What the task asks
Go through the listing below and list every line with "cmod".

Records provided

lemma ell2_norm_pos:
  assumes "ell2 x" "x \<noteq> (\<lambda>_. 0)"
  shows "0 < ell2_norm x"
proof -
  obtain j where "x j \<noteq> 0"
    using assms(2) by auto
  then show ?thesis
    using abs_le_ell2_norm[OF assms(1), of j] by linarith
qed

lemma ell2_Cauchy_Schwarz_sq:
  assumes "ell2 x" "ell2 y"
  shows "(\<Sum>k. x k * y k)\<^sup>2 \<le> (\<Sum>k. (x k)\<^sup>2) * (\<Sum>k. (y k)\<^sup>2)"
proof (rule LIMSEQ_le_const2)
  show "(\<lambda>N. (\<Sum>k<N. x k * y k)\<^sup>2) \<longlonglongrightarrow> (\<Sum>k. x k * y k)\<^sup>2"
    using assms by (intro tendsto_power summable_LIMSEQ ell2_prod_summable)
  have "(\<Sum>k<N. x k * y k)\<^sup>2 \<le> (\<Sum>k. (x k)\<^sup>2) * (\<Sum>k. (y k)\<^sup>2)" for N
  proof (rule order_trans[OF Cauchy_Schwarz_ineq_sum])
    show "(\<Sum>k<N. (x k)\<^sup>2) * (\<Sum>k<N. (y k)\<^sup>2) \<le> (\<Sum>k. (x k)\<^sup>2) * (\<Sum>k. (y k)\<^sup>2)"
      using assms unfolding ell2_def by (intro mult_mono sum_le_suminf sum_nonneg suminf_nonneg) auto
  qed
  then show "\<exists>N. \<forall>n\<ge>N. (\<Sum>k<n. x k * y k)\<^sup>2 \<le> (\<Sum>k. (x k)\<^sup>2) * (\<Sum>k. (y k)\<^sup>2)"
    by blast
qed

lemma suminf_abs_mult_le_ell2_norm:
  assumes "ell2 x" "ell2 y"
  shows "(\<Sum>k. \<bar>x k * y k\<bar>) \<le> ell2_norm x * ell2_norm y"
proof -
  have "ell2 (\<lambda>k. \<bar>x k\<bar>)" "ell2 (\<lambda>k. \<bar>y k\<bar>)"
    using assms unfolding ell2_def by simp_all
  then have "(\<Sum>k. \<bar>x k * y k\<bar>)\<^sup>2 \<le> (\<Sum>k. (x k)\<^sup>2) * (\<Sum>k. (y k)\<^sup>2)"
    using ell2_Cauchy_Schwarz_sq by (fastforce simp: abs_mult)
  also have "\<dots> = (ell2_norm x * ell2_norm y)\<^sup>2"
    using assms by (simp only: ell2_norm_sq power_mult_distrib)
  finally show ?thesis
    by (rule power2_le_imp_le) (use assms ell2_norm_nonneg in simp)
qed
definition local_resolving :: "'a graph \<Rightarrow> ('a \<Rightarrow> 'a \<Rightarrow> enat) \<Rightarrow> 'a set \<Rightarrow> bool" where
  "local_resolving G d S \<longleftrightarrow> S \<subseteq> verts G \<and>
     (\<forall>x y. adj G x y \<longrightarrow> (\<exists>s\<in>S. d s x \<noteq> d s y))"

definition local_metric_dim :: "'a graph \<Rightarrow> nat" where
  "local_metric_dim G = Min {card S | S. local_resolving G (dist G) S}"

definition local_adj_dim :: "'a graph \<Rightarrow> nat" where
  "local_adj_dim H = Min {card S | S. local_resolving H (dist2 H) S}"

definition local_adj_basis :: "'a graph \<Rightarrow> 'a set \<Rightarrow> bool" where
  "local_adj_basis H B \<longleftrightarrow> local_resolving H (dist2 H) B \<and> card B = local_adj_dim H"

definition classG :: "'a graph \<Rightarrow> bool" where
  "classG H \<longleftrightarrow> (\<forall>B. local_adj_basis H B \<longrightarrow> (\<exists>v\<in>verts H. B \<subseteq> neighbors H v))"

definition lex_prod :: "'a graph \<Rightarrow> ('a \<Rightarrow> 'b graph) \<Rightarrow> ('a \<times> 'b) graph" where
  "lex_prod G H =
    ((SIGMA u:verts G. verts (H u)),
     {((u, v), (u', w)) | u v u' w.
        u \<in> verts G \<and> v \<in> verts (H u) \<and> u' \<in> verts G \<and> w \<in> verts (H u') \<and>
        (adj G u u' \<or> (u = u' \<and> adj (H u) v w))})"

end

theory Submission
  imports Defs
begin

text \<open>
  In the product, two vertices of the same copy of \<open>H u\<close> are at distance \<open>dist2 (H u)\<close>
  (a common neighbour lies in an adjacent copy), while vertices of distinct copies over \<open>x\<close> and
  \<open>u\<close> are at distance \<open>dist G x u\<close>. Hence only vertices of the copy of \<open>H u\<close> distinguish
  adjacent vertices inside it, so the traces of a local resolving set on the copies are local
  adjacency resolving sets of the \<open>H u\<close>: this gives the lower bound. Conversely, the union of
  local adjacency bases of all copies resolves the edges inside copies; an edge between copies over
  adjacent \<open>u, u'\<close> is resolved by the basis of a copy \<open>H i\<close> outside the class \<open>\<G>\<close>. If
  \<open>i \<notin> {u, u'}\<close>, any of its vertices works, because bipartiteness gives
  \<open>dist G i u \<noteq> dist G i u'\<close>; if \<open>i = u\<close>, a basis vertex not adjacent to the endpoint in the copy
  of \<open>H u\<close> exists since the basis is not contained in that endpoint's neighbourhood, and it is at
  distance \<open>\<noteq> 1\<close> from that endpoint but at distance \<open>1\<close> from the other.
\<close>

subsection \<open>Walks and distances\<close>

lemma walk_Nil [simp]: "\<not> walk \<Gamma> []"
  unfolding walk_def by simp
theorem proposition4p7:
  fixes f :: "real \<Rightarrow> 'a::metric_space \<Rightarrow> 'a"
    and \<nu> :: "('a \<times> 'a) measure"
    and \<epsilon> \<gamma> :: real
    and \<A> :: "real \<Rightarrow> ('a \<times> 'a) set set"
    and Q :: "('a \<times> 'a) set"
  assumes "compact (UNIV :: 'a set)"
    and "continuous_flow f"
    and "prob_space \<nu>"
    and "sets \<nu> = sets borel"
    and "pflow_invariant f \<nu>"
    and "product_expansive f \<nu> \<epsilon>"
    and "0 < \<gamma>" and "\<gamma> < \<epsilon> / 2"
    and "\<forall>t>0. \<exists>E. max_card_separated f t \<gamma> E \<and> adapted_partition f t \<gamma> E (\<A> t)"
    and "Q \<in> sets \<nu>"
    and "\<forall>t s. (\<lambda>(x, y). (f t x, f s y)) ` Q = Q"
  shows "\<forall>\<alpha>>0. \<exists>t0. \<forall>t\<ge>t0. \<exists>S\<subseteq>\<A> t. measure \<nu> ((\<Union>S - Q) \<union> (Q - \<Union>S)) < \<alpha>"
proof (intro allI impI)
  fix \<alpha> :: real
  assume "\<alpha> > 0"
  then have "\<alpha> / 2 > 0"
    by simp
  interpret prob_space \<nu> by fact
  have "space \<nu> = UNIV"
    using assms(4) by (metis sets_eq_imp_space_eq space_borel)
  then have "- Q \<in> sets \<nu>"
    using sets.compl_sets[OF assms(10)] by (simp add: Compl_eq_Diff_UNIV)
  then obtain L where "closed L" "L \<subseteq> - Q" and L: "measure \<nu> (- Q - L) \<le> \<alpha> / 2"
    using closed_inner_approximation[OF finite_measure_axioms assms(4) _ \<open>\<alpha> / 2 > 0\<close>] by blast
  have "L \<inter> Q = {}" and "2 * \<gamma> < \<epsilon>"
    using \<open>L \<subseteq> - Q\<close> assms(8) by auto
  then obtain N :: nat where N: "measure \<nu> (Q \<inter> bowen_shadow f L (real N) (2 * \<gamma>)) < \<alpha> / 2"
    using invariant_set_shadow_measure_small[OF assms(1,2) finite_measure_axioms assms(4,6)
        \<open>2 * \<gamma> < \<epsilon>\<close> assms(10,11) \<open>closed L\<close> \<open>L \<inter> Q = {}\<close> \<open>\<alpha> / 2 > 0\<close>]
    by blast
  have "\<exists>S\<subseteq>\<A> t. measure \<nu> (sym_diff (\<Union>S) Q) < \<alpha>" if "2 * real N + 1 \<le> t" for t
  proof -
    have "0 < t" "2 * real N \<le> t"
      using that of_nat_0_le_iff[of N] by linarith+
    then obtain E where "adapted_partition f t \<gamma> E (\<A> t)"
      using assms(9) by blast
    then obtain S where "S \<subseteq> \<A> t"
      and S: "measure \<nu> (sym_diff (\<Union>S) Q)
        \<le> measure \<nu> (Q \<inter> bowen_shadow f L (real N) (2 * \<gamma>)) + measure \<nu> (- Q - L)"
      using adapted_partition_measure_sym_diff_le[OF assms(1,2) finite_measure_axioms assms(4,5) _
          assms(10,11) \<open>closed L\<close> \<open>L \<inter> Q = {}\<close> of_nat_0_le_iff \<open>2 * real N \<le> t\<close>]
      by blast
    from S N L have "measure \<nu> (sym_diff (\<Union>S) Q) < \<alpha>"
      by linarith
    with \<open>S \<subseteq> \<A> t\<close> show ?thesis
      by blast
  qed
  then show "\<exists>t0. \<forall>t\<ge>t0. \<exists>S\<subseteq>\<A> t. measure \<nu> (sym_diff (\<Union>S) Q) < \<alpha>"
    by blast
qed
lemma abs_sin_half_le_norm_one_minus_scaled_cis:
  fixes r x :: real
  assumes "0 \<le> r"
  shows "\<bar>sin (x/2)\<bar> \<le> cmod (1 - of_real r * cis x)"
proof -
  have "(cmod (1 - of_real r * cis x))^2 - (sin (x/2))^2
      = (1 - r)^2 * (cos (x/2))^2 + r * (r + 2) * (sin (x/2))^2"
    unfolding norm_one_minus_scaled_cis_sq sin_squared_eq by (simp add: power2_eq_square algebra_simps)
  also have "\<dots> \<ge> 0" using assms by simp
  finally show ?thesis using abs_le_square_iff[of "sin (x/2)" "cmod (1 - of_real r * cis x)"] by simp
qed

lemma exp_mult_less_norm_one_minus_exp_cis_sq:
  fixes s x :: real
  assumes "0 < s"
  shows "exp (-s) * (s^2 + 4 * sin (x/2)^2) < (cmod (1 - of_real (exp (-s)) * cis x))^2"
proof -
  have "s < 2 * sinh (s/2)" using sinh_real_gt_self[of "s/2"] assms by simp
  then have "s^2 < (2 * sinh (s/2))^2" using assms by (intro power_strict_mono) auto
  moreover have "exp (-s) * (2 * sinh (s/2))^2 = (1 - exp (-s))^2"
  proof -
    have exp_s: "exp (-s) = exp (-(s/2))^2" by (simp add: power2_eq_square flip: exp_add)
    have "exp (s/2) * exp (-(s/2)) = 1" by (simp flip: exp_add)
    then have exp_half: "exp (s/2) = 1 / exp (-(s/2))" by (simp add: eq_divide_eq)
    show ?thesis unfolding sinh_field_def exp_s exp_half by (simp add: field_simps power2_eq_square)
  qed
  ultimately have "exp (-s) * s^2 < (1 - exp (-s))^2" by (metis exp_gt_zero mult_strict_left_mono)
  then show ?thesis unfolding norm_one_minus_scaled_cis_sq by (simp add: algebra_simps)
qed

lemma norm_sum_power_Suc_le:
  fixes z :: "'a::real_normed_field"
  assumes "norm z \<le> 1" "z \<noteq> 1"
  shows "norm (\<Sum>k<n. z ^ Suc k) \<le> 2 * norm z / norm (1 - z)"
proof -
  have "(\<Sum>k<n. z ^ Suc k) = z * (\<Sum>k<n. z ^ k)" by (simp add: sum_distrib_left)
  also have "\<dots> = z * ((z ^ n - 1) / (z - 1))" using geometric_sum[OF assms(2), of n] by simp
  finally have "norm (\<Sum>k<n. z ^ Suc k) = norm z * norm (z ^ n - 1) / norm (1 - z)"
    by (simp add: norm_mult norm_divide norm_minus_commute[of z])
  also have "\<dots> \<le> norm z * 2 / norm (1 - z)"
    using norm_triangle_ineq4[of "z ^ n" 1] power_le_one[OF norm_ge_zero assms(1), of n]
    by (intro divide_right_mono mult_left_mono) (simp_all add: norm_power)
  finally show ?thesis by (simp add: mult.commute)
qed

lemma has_integral_Ioi_iff_Ici:
  fixes f :: "real \<Rightarrow> 'a::banach"
  shows "(f has_integral I) {a<..} \<longleftrightarrow> (f has_integral I) {a..}"
  by (rule has_integral_spike_set_eq) (auto intro: negligible_subset[of "{a}"])

lemma has_integral_exp_neg_Ioi:
  fixes b :: real
  assumes "0 < b"
  shows "((\<lambda>u. exp (-(b * u))) has_integral 1 / b) {0<..}"
  using has_integral_exp_minus_to_infinity[OF assms, of 0] by (simp add: has_integral_Ioi_iff_Ici)

lemma norm_sum_scaled_cis_power_le:
  fixes r x :: real
  assumes r: "0 \<le> r" "r \<le> 1" and sin: "sin (x/2) \<noteq> 0"
  shows "norm (\<Sum>k<n. (of_real r * cis x) ^ Suc k) \<le> 2 * r / \<bar>sin (x/2)\<bar>"
proof -
  have "\<bar>sin (x/2)\<bar> \<le> cmod (1 - of_real r * cis x)"
    using abs_sin_half_le_norm_one_minus_scaled_cis[OF r(1)] .
  then have "0 < cmod (1 - of_real r * cis x)"
    and "2 * r / cmod (1 - of_real r * cis x) \<le> 2 * r / \<bar>sin (x/2)\<bar>"
    using r sin by (auto intro!: divide_left_mono mult_pos_pos)
  then show ?thesis
    using norm_sum_power_Suc_le[of "of_real r * cis x" n] r by (simp add: norm_mult)
qed

lemma has_integral_scaled_exp_cmult:
  fixes a b :: real and w :: complex
  assumes "0 < a" "0 < b"
  shows "((\<lambda>u. of_real (a * exp (-(b * a * u))) * w) has_integral w / of_real b) {0<..}"
proof -
  have "((\<lambda>u. of_real (a * exp (-((b * a) * u))) * w) has_integral of_real (a * (1 / (b * a))) * w) {0<..}"
    using has_integral_exp_neg_Ioi[of "b * a"] assms
    by (intro has_integral_mult_left has_integral_of_real has_integral_mult_right) simp
  moreover have "of_real (a * (1 / (b * a))) * w = w / of_real b" using assms by (simp add: of_real_divide)
  ultimately show ?thesis by simp
qed

lemma Lser_has_integral:
  fixes x \<mu> a :: real
  assumes x: "0 < x" "x < 2 * pi" and \<mu>: "-1 < \<mu>" and a: "0 < a"
  shows "((\<lambda>u. of_real (a * exp (-((\<mu> + 1) * a * u))) * cis x / (1 - of_real (exp (-(a * u))) * cis x))
          has_integral Lser x \<mu>) {0<..}"
    (is "(?G has_integral _) _")
proof -
  define z where "z u = of_real (exp (-(a * u))) * cis x" for u
  define c where "c = sin (x/2)"
  have c: "0 < c" unfolding c_def using x by (intro sin_gt_zero) auto
  define f where
    "f n u = (\<Sum>k<n. of_real (a * exp (-((Suc k + \<mu>) * a * u))) * cis (Suc k * x))" for n u
  have f_integral: "(f n has_integral (\<Sum>k<n. cis (Suc k * x) / of_real (Suc k + \<mu>))) {0<..}" for n
    unfolding f_def using \<mu> a by (intro has_integral_sum has_integral_scaled_exp_cmult) auto
  have f_eq: "f n u = of_real (a * exp (-(\<mu> * a * u))) * (\<Sum>k<n. z u ^ Suc k)" for n u
  proof -
    have exp_eq: "exp (-((Suc k + \<mu>) * a * u)) = exp (-(\<mu> * a * u)) * exp (-(a * u)) ^ Suc k" for k
      by (simp add: algebra_simps flip: exp_of_nat_mult exp_add)
    show ?thesis
      unfolding f_def z_def exp_eq sum_distrib_left power_mult_distrib Complex.DeMoivre of_real_mult
        of_real_power by (simp only: mult_ac)
  qed
  have f_bound: "norm (f n u) \<le> 2 * a / c * exp (-((\<mu> + 1) * a * u))" if "0 < u" for n u
  proof -
    have "norm (f n u) = a * exp (-(\<mu> * a * u)) * norm (\<Sum>k<n. z u ^ Suc k)"
      unfolding f_eq norm_mult norm_of_real using a by simp
    also have "\<dots> \<le> a * exp (-(\<mu> * a * u)) * (2 * exp (-(a * u)) / c)"
      using norm_sum_scaled_cis_power_le[of "exp (-(a * u))" x n] a c that
      unfolding z_def c_def by (intro mult_left_mono) auto
    also have "\<dots> = 2 * a / c * exp (-((\<mu> + 1) * a * u))"
      by (simp add: algebra_simps flip: exp_add)
    finally show ?thesis .
  qed
  have f_tendsto: "(\<lambda>n. f n u) \<longlonglongrightarrow> ?G u" if "0 < u" for u
  proof -
    have "norm (z u) < 1" using a that by (simp add: z_def norm_mult)
    from sums_mult[OF geometric_sums[OF this], of "z u"]
    have "(\<lambda>n. \<Sum>k<n. z u ^ Suc k) \<longlonglongrightarrow> z u / (1 - z u)" by (simp add: sums_def)
    then have "(\<lambda>n. f n u) \<longlonglongrightarrow> of_real (a * exp (-(\<mu> * a * u))) * (z u / (1 - z u))"
      unfolding f_eq by (rule tendsto_mult_left)
    also have "exp (-((\<mu> + 1) * a * u)) = exp (-(\<mu> * a * u)) * exp (-(a * u))"
      by (simp add: algebra_simps flip: exp_add)
    then have "of_real (a * exp (-(\<mu> * a * u))) * (z u / (1 - z u)) = ?G u"
      unfolding z_def by (simp add: mult_ac)
    finally show ?thesis .
  qed
  have bound_integrable: "(\<lambda>u. 2 * a / c * exp (-((\<mu> + 1) * a * u))) integrable_on {0<..}"
    using has_integral_mult_right[OF has_integral_exp_neg_Ioi, of "(\<mu> + 1) * a" "2 * a / c"] \<mu> a
    unfolding integrable_on_def by auto
  have f_integrable: "f n integrable_on {0<..}" for n using f_integral by blast
  have G_integrable: "?G integrable_on {0<..}"
    by (rule dominated_convergence(1)[where f = f, OF f_integrable bound_integrable])
       (rule f_bound f_tendsto, simp)+
  have "(\<lambda>n. integral {0<..} (f n)) \<longlonglongrightarrow> integral {0<..} ?G"
    by (rule dominated_convergence(2)[where f = f, OF f_integrable bound_integrable])
       (rule f_bound f_tendsto, simp)+
  then have "(\<lambda>k. cis (Suc k * x) / of_real (Suc k + \<mu>)) sums integral {0<..} ?G"
    unfolding sums_def by (simp add: integral_unique[OF f_integral])
  then have "Lser x \<mu> = integral {0<..} ?G" unfolding Lser_def by (simp add: sums_iff)
  with G_integrable show ?thesis by (simp add: has_integral_integral)
qed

Task output
  shows "\<bar>sin (x/2)\<bar> \<le> cmod (1 - of_real r * cis x)"
  have "(cmod (1 - of_real r * cis x))^2 - (sin (x/2))^2
  finally show ?thesis using abs_le_square_iff[of "sin (x/2)" "cmod (1 - of_real r * cis x)"] by simp
  shows "exp (-s) * (s^2 + 4 * sin (x/2)^2) < (cmod (1 - of_real (exp (-s)) * cis x))^2"
  have "\<bar>sin (x/2)\<bar> \<le> cmod (1 - of_real r * cis x)"
  then have "0 < cmod (1 - of_real r * cis x)"
    and "2 * r / cmod (1 - of_real r * cis x) \<le> 2 * r / \<bar>sin (x/2)\<bar>"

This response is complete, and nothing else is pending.